Similarly application US Publication No. US 2005-0244038 A1, FIG. 1 shows an overview of how a finger position sensor (112) and a partial fingerprint sensor (swiped image sensor) (110) can be integrated into an overall fingerprint scanner, and FIGS. 5 through 11 and 13 through 16 show how a finger moves over a series of sensor plates in the finger position sensor in the course of a finger print swipe.
One drawback of these earlier approaches was that the system was still too sensitive to individual variations in user technique. One way to address this issue, discussed in application US Publication US 20050244039A1, is to assist the user to produce a finger swipe that the system can properly read by giving the user visual or audio feedback as to if the finger swipe produced finger location and speed data that was readable by the system. This way, the user can be encouraged optimize his or her finger swipe technique. However alternative approaches, such as improved signal analysis techniques that make the system more tolerant to variations in user technique, either with or without audio or visual user feedback are also desirable.
One of the reasons why these earlier approaches were overly sensitive to variations in use technique is that the systems were not accurate enough. In a rate based sensor, noise can occur when the sensor that is configured to detect the finger and take a reading of finger features is unable to accurately detect the location and motion of the finger while it is being swiped. The result can be noise, such as electronic noise, resulting from a transition of the finger from one sensor element to another. As a result, the finger motion rate calculation is not totally accurate because the signal noise occurring from one sensor element to another creates uncertainty with respect to the location and timing at which a finger transitions from one sensor to another.

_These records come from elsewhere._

text \<open>Here t is the coefficient of the last vertex; the coefficient of the vertex
  e(j+1) is then forced to be x j + t (r - 1) r^j.\<close>

lemma mem_open_pp_base_simplex_iff:
  assumes "r \<ge> 1"
  shows "x \<in> open_pp_lattice_points n n (base_vertices r n) \<longleftrightarrow>
    (\<forall>j>n. x j = 0) \<and>
    (\<exists>t::real. 0 < t \<and> t < 1 \<and>
      (\<forall>j<n. 0 < x j + t * real ((r - 1) * r ^ j) \<and> x j + t * real ((r - 1) * r ^ j) < 1) \<and>
      x n = (\<Sum>j<n. real_of_int (x j)) + t * real (r ^ n))"
    (is "_ \<longleftrightarrow> ?R")
proof -
  have coeff_sum: "(\<Sum>i\<le>n. c i) = (\<Sum>j<n. c j - c n * real ((r - 1) * r ^ j)) + c n * real (r ^ n)"
    for c :: "nat \<Rightarrow> real"
    using sum_pred_mult_power[OF assms, of n, symmetric]
    by (simp add: lessThan_Suc_atMost[symmetric] sum_subtractf sum_distrib_left algebra_simps)
  show ?thesis
  proof
    assume "x \<in> open_pp_lattice_points n n (base_vertices r n)"
    then obtain c :: "nat \<Rightarrow> real" where zero: "\<forall>j>n. x j = 0"
      and c: "\<forall>i\<le>n. 0 < c i \<and> c i < 1"
      and coords: "\<forall>j<n. real_of_int (x j) = (\<Sum>i\<le>n. c i * base_vertices r n i j)"
      and height: "real_of_int (x n) = (\<Sum>i\<le>n. c i)"
      unfolding open_pp_lattice_points_def mem_Collect_eq by blast
    have x: "real_of_int (x j) = c j - c n * real ((r - 1) * r ^ j)" if "j < n" for j
      using coords sum_base_vertices[OF assms that] that by simp
    have "(\<Sum>j<n. real_of_int (x j)) = (\<Sum>j<n. c j - c n * real ((r - 1) * r ^ j))"
      by (rule sum.cong) (simp_all add: x)
    then have "x n = (\<Sum>j<n. real_of_int (x j)) + c n * real (r ^ n)"
      using height coeff_sum[of c] by simp
    moreover have "\<forall>j<n. 0 < x j + c n * real ((r - 1) * r ^ j) \<and> x j + c n * real ((r - 1) * r ^ j) < 1"
      using c x by simp
    moreover have "0 < c n" "c n < 1"
      using c by simp_all
    ultimately show ?R
      using zero by (intro conjI exI[of _ "c n"]) assumption+
  next
    assume ?R
    then obtain t where zero: "\<forall>j>n. x j = 0" and t: "0 < t" "t < 1"
      and x: "\<forall>j<n. 0 < x j + t * real ((r - 1) * r ^ j) \<and> x j + t * real ((r - 1) * r ^ j) < 1"
      and xn: "x n = (\<Sum>j<n. real_of_int (x j)) + t * real (r ^ n)"
      by blast
    define c where "c i = (if i < n then x i + t * real ((r - 1) * r ^ i) else t)" for i
    have "real_of_int (x n) = (\<Sum>i\<le>n. c i)"
      using coeff_sum[of c] xn by (simp add: c_def)
    moreover have "\<forall>i\<le>n. 0 < c i \<and> c i < 1"
      using t x by (simp add: c_def)
    ultimately show "x \<in> open_pp_lattice_points n n (base_vertices r n)"
      unfolding open_pp_lattice_points_def
      using zero sum_base_vertices[OF assms] by (auto simp: c_def intro!: exI[of _ c])
  qed
qed

definition floor_sum :: "nat \<Rightarrow> nat \<Rightarrow> nat \<Rightarrow> nat" where
  "floor_sum r n k = (\<Sum>j<n. (r - 1) * k * r ^ j div r ^ n)"

text \<open>The point whose coefficient on the last vertex is k / r^n.\<close>

definition base_pp_point :: "nat \<Rightarrow> nat \<Rightarrow> nat \<Rightarrow> nat \<Rightarrow> int" where
  "base_pp_point r n k j =
     (if j < n then - int ((r - 1) * k * r ^ j div r ^ n)
      else if j = n then int k - int (floor_sum r n k) else 0)"

lemma sum_base_pp_point: "(\<Sum>j<n. base_pp_point r n k j) = - int (floor_sum r n k)"
  by (simp add: base_pp_point_def floor_sum_def sum_negf)

lemma inj_base_pp_point: "inj (base_pp_point r n)"
proof (rule injI)
  fix k k' assume "base_pp_point r n k = base_pp_point r n k'"
  then have "base_pp_point r n k n - (\<Sum>j<n. base_pp_point r n k j)
      = base_pp_point r n k' n - (\<Sum>j<n. base_pp_point r n k' j)"
    by simp
  then show "k = k'"
    unfolding sum_base_pp_point by (simp add: base_pp_point_def)
qed

lemma power_dvd_pred_mult_power_iff:
  fixes r k :: nat
  assumes "r \<ge> 2" and "j \<le> n"
  shows "r ^ n dvd (r - 1) * k * r ^ j \<longleftrightarrow> r ^ (n - j) dvd k"
proof -
  have "coprime r (r - 1)"
    using assms(1) by (intro coprime_diff_one_right_nat) simp
  then have "coprime (r ^ (n - j)) (r - 1)"
    by simp
  moreover have "r ^ n = r ^ (n - j) * r ^ j"
    using assms(2) by (simp flip: power_add)
  ultimately show ?thesis
    using assms(1) by (simp add: coprime_dvd_mult_right_iff)
qed

lemma not_power_dvd_pred_mult_power:
  assumes "r \<ge> 2" and "k \<in> nonmultiples_below r (r ^ n)" and "j < n"
  shows "\<not> r ^ n dvd (r - 1) * k * r ^ j"
proof
  assume "r ^ n dvd (r - 1) * k * r ^ j"
  then have "r ^ (n - j) dvd k"
    using power_dvd_pred_mult_power_iff[OF assms(1) less_imp_le[OF assms(3)]] by blast
  moreover have "r dvd r ^ (n - j)"
    using assms(3) by simp
  ultimately show False
    using assms(2) dvd_trans by (auto simp: nonmultiples_below_def)
qed

lemma base_pp_point_mem_open_pp:
  assumes "r \<ge> 2" and k: "k \<in> nonmultiples_below r (r ^ n)"
  shows "base_pp_point r n k \<in> open_pp_lattice_points n n (base_vertices r n)"
proof -
  define x where "x = base_pp_point r n k"
  define t where "t = real k / real (r ^ n)"
  have "0 < k" "k < r ^ n"
    using k by (cases k; simp add: nonmultiples_below_def)+
  then have "0 < t" "t < 1"
    using assms by (simp_all add: t_def)
  have scaled: "t * real ((r - 1) * r ^ j) = real ((r - 1) * k * r ^ j) / real (r ^ n)" for j
    by (simp add: t_def)
  have "r ^ n > 0"
    using assms by simp
  have coords: "0 < x j + t * real ((r - 1) * r ^ j) \<and> x j + t * real ((r - 1) * r ^ j) < 1"
    if "j < n" for j
    unfolding scaled int_add_frac_in_unit_interval_iff[OF \<open>r ^ n > 0\<close>]
    using not_power_dvd_pred_mult_power[OF assms that] that
    by (simp add: x_def base_pp_point_def)
  have "(\<Sum>j<n. real_of_int (x j)) = real_of_int (\<Sum>j<n. x j)"
    by simp
  then have height: "x n = (\<Sum>j<n. real_of_int (x j)) + t * real (r ^ n)"
    using \<open>r ^ n > 0\<close> by (simp add: x_def t_def sum_base_pp_point) (simp add: base_pp_point_def)
  show ?thesis
    using assms \<open>0 < t\<close> \<open>t < 1\<close> coords height unfolding x_def
    by (subst mem_open_pp_base_simplex_iff) (auto simp: base_pp_point_def)
qed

Therefore, there exists a need in the art to more accurately sense finger swiping motion across a fingerprint sensor and to accurately calculate the speed and location of the finger that is in motion across the sensor. There also exists a great need in the art for a more efficient means to accurately sense and capture fingerprints on portable microprocessor controlled devices (e.g. cell phones, smart cards, PDA's, laptop computers, MP3 players, and the like). There is also a need for more convenient and efficient ways to provide navigation and control operations on such portable devices. As will be seen, the invention provides for these multiple needs in an elegant manner.